> **WHAT IS REQUIRED**
Of all the lines below, return only those starting with the line holding "E \<Longrightarrow> sum z" and going on through the line holding "using no_exchange \<open>z", exactly as written.

> **GIVEN RECORDS**
definition base_set :: "'e set \<Rightarrow> ('e set \<Rightarrow> nat) \<Rightarrow> nat \<Rightarrow> ('e \<Rightarrow> nat) set" where
  "base_set E f d = {x. (\<forall>e. e \<notin> E \<longrightarrow> x e = 0) \<and>
                       (\<forall>U. U \<subseteq> E \<longrightarrow> sum x U \<le> f U) \<and> sum x E = d}"

definition objective :: "'e set \<Rightarrow> ('e \<Rightarrow> nat \<Rightarrow> nat \<Rightarrow> real) \<Rightarrow> ('e \<Rightarrow> nat) \<Rightarrow> ('e \<Rightarrow> nat) \<Rightarrow> real" where
  "objective E C t x = (\<Sum>e\<in>E. C e (x e) (t e))"

definition optimal_sol :: "'e set \<Rightarrow> ('e set \<Rightarrow> nat) \<Rightarrow> ('e \<Rightarrow> nat \<Rightarrow> nat \<Rightarrow> real)
    \<Rightarrow> ('e \<Rightarrow> nat) \<Rightarrow> nat \<Rightarrow> ('e \<Rightarrow> nat) \<Rightarrow> bool" where
  "optimal_sol E f C t d x \<longleftrightarrow> x \<in> base_set E f d \<and>
     (\<forall>y \<in> base_set E f d. objective E C t x \<le> objective E C t y)"

definition Cminus :: "(nat \<Rightarrow> nat \<Rightarrow> real) \<Rightarrow> nat \<Rightarrow> nat \<Rightarrow> real" where
  "Cminus C x t = C x t - C (x - 1) t"

definition Cplus :: "(nat \<Rightarrow> nat \<Rightarrow> real) \<Rightarrow> nat \<Rightarrow> nat \<Rightarrow> real" where
  "Cplus C x t = C (x + 1) t - C x t"

definition regular :: "(nat \<Rightarrow> nat \<Rightarrow> real) \<Rightarrow> bool" where
  "regular C \<longleftrightarrow> (\<forall>x t. x \<ge> 1 \<longrightarrow>
      Cminus C x t \<le> Cminus C x (t + 1) \<and> Cminus C x (t + 1) \<le> Cminus C (x + 1) t)"

definition Dset :: "'e set \<Rightarrow> ('e set \<Rightarrow> nat) \<Rightarrow> nat \<Rightarrow> ('e \<Rightarrow> nat) \<Rightarrow> 'e \<Rightarrow> 'e set" where
  "Dset E f d x e = {g \<in> E - {e}. (\<lambda>h. x h + chi g h - chi e h) \<in> base_set E f d}"

end

theory Submission
  imports Defs
begin

text \<open>
  Raising \<open>t\<^sub>e\<^sub>*\<close> by one changes the cost of a base \<open>w\<close> only in the term of \<open>e*\<close>, by
  \<open>C\<^sub>e\<^sub>*(w\<^sub>e\<^sub>*; t+1) - C\<^sub>e\<^sub>*(w\<^sub>e\<^sub>*; t)\<close>, which regularity makes nondecreasing in \<open>w\<^sub>e\<^sub>*\<close>; so \<open>x\<close>
  still beats every base \<open>w\<close> with \<open>w\<^sub>e\<^sub>* \<ge> x\<^sub>e\<^sub>*\<close>. A base with \<open>w\<^sub>e\<^sub>* < x\<^sub>e\<^sub>*\<close> is treated by
  induction on \<open>x\<^sub>e\<^sub>* - w\<^sub>e\<^sub>*\<close>: the simultaneous exchange property of polymatroid bases gives
  \<open>g\<close> with \<open>x\<^sub>g < w\<^sub>g\<close> such that \<open>x - \<chi>\<^sub>e\<^sub>* + \<chi>\<^sub>g\<close> and \<open>w + \<chi>\<^sub>e\<^sub>* - \<chi>\<^sub>g\<close> are both bases.
  Discrete convexity of the \<open>C\<^sub>h\<close> and the local optimality of \<open>x\<close> show that the second move does
  not increase the new cost, and in the last step, where it produces a base with \<open>w\<^sub>e\<^sub>* = x\<^sub>e\<^sub>*\<close>,
  the minimality of \<open>C\<^sup>+\<^sub>g\<^sub>*(x\<^sub>g\<^sub>*)\<close> lets \<open>x - \<chi>\<^sub>e\<^sub>* + \<chi>\<^sub>g\<^sub>*\<close> take its place.
\<close>

definition transfer :: "('e \<Rightarrow> nat) \<Rightarrow> 'e \<Rightarrow> 'e \<Rightarrow> 'e \<Rightarrow> nat" where
  "transfer x g e = (\<lambda>h. x h + chi g h - chi e h)"

lemma Dset_transfer: "Dset E f d x e = {g \<in> E - {e}. transfer x g e \<in> base_set E f d}"
  by (simp add: Dset_def transfer_def)

lemma transfer_self [simp]: "transfer x e e = x"
  by (simp add: transfer_def)

lemma transfer_apply:
  "g \<noteq> e \<Longrightarrow> transfer x g e h = (if h = g then x h + 1 else if h = e then x h - 1 else x h)"
  by (simp add: transfer_def chi_def)

lemma sum_chi: "finite U \<Longrightarrow> sum (chi g) U = (if g \<in> U then 1 else 0)"
  by (simp add: chi_def)

lemma sum_transfer:
  assumes "finite U" "g \<noteq> e" "1 \<le> x e"
  shows "sum (transfer x g e) U + (if e \<in> U then 1 else 0) = sum x U + (if g \<in> U then 1 else 0)"
proof -
  have "transfer x g e h + chi e h = x h + chi g h" for h
    using assms(2,3) by (auto simp: transfer_def chi_def)
  then have "sum (transfer x g e) U + sum (chi e) U = sum x U + sum (chi g) U"
    by (simp flip: sum.distrib)
  then show ?thesis
    using assms(1) by (simp add: sum_chi)
qed

lemma transfer_in_base_set:
  assumes "finite E" and x: "x \<in> base_set E f d" and "e \<in> E" "g \<in> E" "g \<noteq> e" "1 \<le> x e"
    and slack: "\<And>U. U \<subseteq> E \<Longrightarrow> g \<in> U \<Longrightarrow> e \<notin> U \<Longrightarrow> sum x U < f U"
  shows "transfer x g e \<in> base_set E f d"
proof -
  have sum_eq: "sum (transfer x g e) U + (if e \<in> U then 1 else 0) = sum x U + (if g \<in> U then 1 else 0)"
    if "U \<subseteq> E" for U
    using sum_transfer[of U g e x] finite_subset[OF that \<open>finite E\<close>] \<open>g \<noteq> e\<close> \<open>1 \<le> x e\<close> by blast
  have "sum (transfer x g e) U \<le> f U" if U: "U \<subseteq> E" for U
    using sum_eq[OF U] slack[OF U] x U by (auto simp: base_set_def split: if_splits)
  moreover have "sum (transfer x g e) E = d"
    using sum_eq[of E] x \<open>e \<in> E\<close> \<open>g \<in> E\<close> by (simp add: base_set_def)
  moreover have "transfer x g e h = 0" if "h \<notin> E" for h
    using that x \<open>e \<in> E\<close> \<open>g \<in> E\<close> by (auto simp: base_set_def transfer_def chi_def)
  ultimately show ?thesis
    by (simp add: base_set_def)
qed

lemma base_set_transfer_pos:
  assumes "finite E" "x \<in> base_set E f d" "g \<in> E" "g \<noteq> e" "transfer x g e \<in> base_set E f d"
  shows "0 < x e"
proof (rule ccontr)
  assume "\<not> 0 < x e"
  then have "transfer x g e = (\<lambda>h. x h + chi g h)"
    using \<open>g \<noteq> e\<close> by (auto simp: transfer_def chi_def)
  then have "sum (transfer x g e) E = sum x E + 1"
    using assms(1,3) by (simp add: sum.distrib sum_chi)
  then show False
    using assms(2,5) by (simp add: base_set_def)
qed

definition tight_sets :: "'e set \<Rightarrow> ('e set \<Rightarrow> nat) \<Rightarrow> ('e \<Rightarrow> nat) \<Rightarrow> 'e set set" where
  "tight_sets E f x = {U. U \<subseteq> E \<and> sum x U = f U}"

context
  fixes E :: "'e set" and f :: "'e set \<Rightarrow> nat" and x :: "'e \<Rightarrow> nat"
  assumes finite_E: "finite E" and polymatroid: "polymatroid_rank E f"
    and feasible: "\<And>U. U \<subseteq> E \<Longrightarrow> sum x U \<le> f U"
begin

lemma tight_sets_Un_Int:
  assumes "U \<in> tight_sets E f x" "V \<in> tight_sets E f x"
  shows "U \<union> V \<in> tight_sets E f x \<and> U \<inter> V \<in> tight_sets E f x"
proof -
  have UV: "U \<subseteq> E" "V \<subseteq> E" "sum x U = f U" "sum x V = f V"
    using assms by (auto simp: tight_sets_def)
  then have "sum x (U \<union> V) + sum x (U \<inter> V) = sum x U + sum x V"
    using finite_E by (intro sum.union_inter) (auto intro: finite_subset)
  moreover have "f (U \<union> V) + f (U \<inter> V) \<le> f U + f V"
    using polymatroid UV by (simp add: polymatroid_rank_def)
  moreover have "sum x (U \<union> V) \<le> f (U \<union> V)" "sum x (U \<inter> V) \<le> f (U \<inter> V)"
    using feasible[of "U \<union> V"] feasible[of "U \<inter> V"] UV by auto
  ultimately show ?thesis
    using UV by (auto simp: tight_sets_def)
qed

lemma Union_tight_sets:
  "finite \<V> \<Longrightarrow> \<V> \<subseteq> tight_sets E f x \<Longrightarrow> \<Union>\<V> \<in> tight_sets E f x"
proof (induction rule: finite_induct)
  case empty
  then show ?case
    using polymatroid by (simp add: tight_sets_def polymatroid_rank_def)
next
  case (insert V \<V>)
  then show ?case
    using tight_sets_Un_Int[of V "\<Union>\<V>"] by simp
qed

lemma Inter_tight_sets:
  "finite \<U> \<Longrightarrow> \<U> \<noteq> {} \<Longrightarrow> \<U> \<subseteq> tight_sets E f x \<Longrightarrow> \<Inter>\<U> \<in> tight_sets E f x"
proof (induction rule: finite_ne_induct)
  case (insert U \<U>)
  then show ?case
    using tight_sets_Un_Int[of U "\<Inter>\<U>"] by simp
qed simp

end

lemma base_set_sum_diff_le:
  assumes "finite E" "polymatroid_rank E f" and x: "x \<in> base_set E f d" and z: "z \<in> base_set E f d"
    and W: "W \<in> tight_sets E f x" and Z: "Z \<subseteq> E" "Z = E \<or> Z \<in> tight_sets E f z"
  shows "sum x (Z - W) \<le> sum z (Z - W)"
proof -
  have W': "W \<subseteq> E" "sum x W = f W"
    using W by (auto simp: tight_sets_def)
  have fin: "finite Z" "finite W"
    using assms(1) Z(1) W'(1) by (auto intro: finite_subset)
  have "sum x (Z \<union> W) + sum z (Z \<inter> W) \<le> sum z Z + sum x W"
    using Z(2)
  proof
    assume "Z = E"
    then show ?thesis
      using x z W' by (simp add: base_set_def Int_absorb1 Un_absorb2)
  next
    assume "Z \<in> tight_sets E f z"
    then have "sum z Z = f Z"
      by (simp add: tight_sets_def)
    moreover have "f (Z \<union> W) + f (Z \<inter> W) \<le> f Z + f W"
      using assms(2) Z(1) W' by (simp add: polymatroid_rank_def)
    moreover have "sum x (Z \<union> W) \<le> f (Z \<union> W)" "sum z (Z \<inter> W) \<le> f (Z \<inter> W)"
      using x z Z(1) W' by (auto simp: base_set_def dest!: spec[of _ "Z \<union> W"] spec[of _ "Z \<inter> W"])
    ultimately show ?thesis
      using W' by linarith
  qed
  moreover have "sum x (Z \<union> W) = sum x W + sum x (Z - W)"
    using fin by (metis Un_Diff_cancel2 sum.union_disjoint Diff_disjoint finite_Diff add.commute Int_commute)
  moreover have "sum z Z = sum z (Z \<inter> W) + sum z (Z - W)"
    using fin by (simp add: sum.Int_Diff)
  ultimately show ?thesis
    by linarith
qed

lemma base_set_exchange:
  assumes fin: "finite E" and pm: "polymatroid_rank E f"
    and x: "x \<in> base_set E f d" and z: "z \<in> base_set E f d" and "e \<in> E" and "z e < x e"
  shows "\<exists>g\<in>E. g \<noteq> e \<and> x g < z g \<and>
           transfer x g e \<in> base_set E f d \<and> transfer z e g \<in> base_set E f d"
proof (rule ccontr)
  assume no_exchange: "\<not> ?thesis"
  have feasible: "\<And>U. U \<subseteq> E \<Longrightarrow> sum x U \<le> f U" "\<And>U. U \<subseteq> E \<Longrightarrow> sum z U \<le> f U"
    using x z by (auto simp: base_set_def)
  define \<U> where "\<U> = {U \<in> tight_sets E f z. e \<in> U}"
  define \<V> where "\<V> = {V \<in> tight_sets E f x. e \<notin> V}"
  define Z where "Z = E \<inter> \<Inter>\<U>"
  define W where "W = \<Union>\<V>"
  have finite_families: "finite \<U>" "finite \<V>"
    using fin by (auto simp: \<U>_def \<V>_def tight_sets_def intro: finite_subset[of _ "Pow E"])
  have W: "W \<in> tight_sets E f x"
    unfolding W_def using Union_tight_sets[OF fin pm feasible(1) finite_families(2)] by (auto simp: \<V>_def)
  have Z: "Z = E \<or> Z \<in> tight_sets E f z"
  proof (cases "\<U> = {}")
    case False
    then have "\<Inter>\<U> \<in> tight_sets E f z"
      using Inter_tight_sets[OF fin pm feasible(2) finite_families(1)] by (auto simp: \<U>_def)
    then show ?thesis
      by (simp add: Z_def tight_sets_def Int_absorb1)
  qed (simp add: Z_def)
  \<comment> \<open>A tight set blocking the exchange of \<open>e\<close> against \<open>g\<close> removes \<open>g\<close> from \<open>Z - W\<close>.\<close>
  have "z g \<le> x g" if "g \<in> Z - W" for g
  proof (rule ccontr)
    assume "\<not> z g \<le> x g"
    moreover have "g \<in> E"
      using that by (simp add: Z_def)
    ultimately have "g \<noteq> e" "1 \<le> x e" "1 \<le> z g"
      and "transfer x g e \<notin> base_set E f d \<or> transfer z e g \<notin> base_set E f d"
      using no_exchange \<open>z e < x e\<close> by auto
    then have "(\<exists>V. V \<subseteq> E \<and> g \<in> V \<and> e \<notin> V \<and> \<not> sum x V < f V) \<or>
               (\<exists>U. U \<subseteq> E \<and> e \<in> U \<and> g \<notin> U \<and> \<not> sum z U < f U)"
      using transfer_in_base_set[OF fin x \<open>e \<in> E\<close> \<open>g \<in> E\<close>]
        transfer_in_base_set[OF fin z \<open>g \<in> E\<close> \<open>e \<in> E\<close>] by metis
    then have "(\<exists>V\<in>\<V>. g \<in> V) \<or> (\<exists>U\<in>\<U>. g \<notin> U)"
      using feasible by (metis (mono_tags, lifting) \<U>_def \<V>_def tight_sets_def le_less mem_Collect_eq)
    then show False
      using that by (auto simp: Z_def W_def)
  qed
  moreover have "e \<in> Z - W"
    using \<open>e \<in> E\<close> by (auto simp: Z_def W_def \<U>_def \<V>_def)
  moreover have "finite (Z - W)"
    using fin by (simp add: Z_def)
  ultimately have "sum z (Z - W) < sum x (Z - W)"
    using \<open>z e < x e\<close> by (intro sum_strict_mono_ex1) auto
  moreover have "sum x (Z - W) \<le> sum z (Z - W)"
    using base_set_sum_diff_le[OF fin pm x z W _ Z] by (simp add: Z_def)
  ultimately show False
    by simp
qed

lemma Cplus_eq_Cminus_Suc: "Cplus c k t = Cminus c (k + 1) t"
  by (simp add: Cplus_def Cminus_def)

lemma regular_Cminus_le_Cminus_Suc: "regular c \<Longrightarrow> 1 \<le> k \<Longrightarrow> Cminus c k (t + 1) \<le> Cminus c (k + 1) t"
  by (simp add: regular_def)

lemma regular_Cminus_mono:
  assumes "regular c" "1 \<le> k" "k \<le> m"
  shows "Cminus c k t \<le> Cminus c m t"
  using \<open>k \<le> m\<close>
proof (induction m rule: dec_induct)
  case (step n)
  have "Cminus c n t \<le> Cminus c n (t + 1)" "Cminus c n (t + 1) \<le> Cminus c (n + 1) t"
    using assms(1,2) step.hyps by (auto simp: regular_def)
  with step.IH show ?case
    by simp
qed simp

> **ANSWER FOR THIS EXERCISE**
  have feasible: "\<And>U. U \<subseteq> E \<Longrightarrow> sum x U \<le> f U" "\<And>U. U \<subseteq> E \<Longrightarrow> sum z U \<le> f U"
    using x z by (auto simp: base_set_def)
  define \<U> where "\<U> = {U \<in> tight_sets E f z. e \<in> U}"
  define \<V> where "\<V> = {V \<in> tight_sets E f x. e \<notin> V}"
  define Z where "Z = E \<inter> \<Inter>\<U>"
  define W where "W = \<Union>\<V>"
  have finite_families: "finite \<U>" "finite \<V>"
    using fin by (auto simp: \<U>_def \<V>_def tight_sets_def intro: finite_subset[of _ "Pow E"])
  have W: "W \<in> tight_sets E f x"
    unfolding W_def using Union_tight_sets[OF fin pm feasible(1) finite_families(2)] by (auto simp: \<V>_def)
  have Z: "Z = E \<or> Z \<in> tight_sets E f z"
  proof (cases "\<U> = {}")
    case False
    then have "\<Inter>\<U> \<in> tight_sets E f z"
      using Inter_tight_sets[OF fin pm feasible(2) finite_families(1)] by (auto simp: \<U>_def)
    then show ?thesis
      by (simp add: Z_def tight_sets_def Int_absorb1)
  qed (simp add: Z_def)
  \<comment> \<open>A tight set blocking the exchange of \<open>e\<close> against \<open>g\<close> removes \<open>g\<close> from \<open>Z - W\<close>.\<close>
  have "z g \<le> x g" if "g \<in> Z - W" for g
  proof (rule ccontr)
    assume "\<not> z g \<le> x g"
    moreover have "g \<in> E"
      using that by (simp add: Z_def)
    ultimately have "g \<noteq> e" "1 \<le> x e" "1 \<le> z g"
      and "transfer x g e \<notin> base_set E f d \<or> transfer z e g \<notin> base_set E f d"
      using no_exchange \<open>z e < x e\<close> by auto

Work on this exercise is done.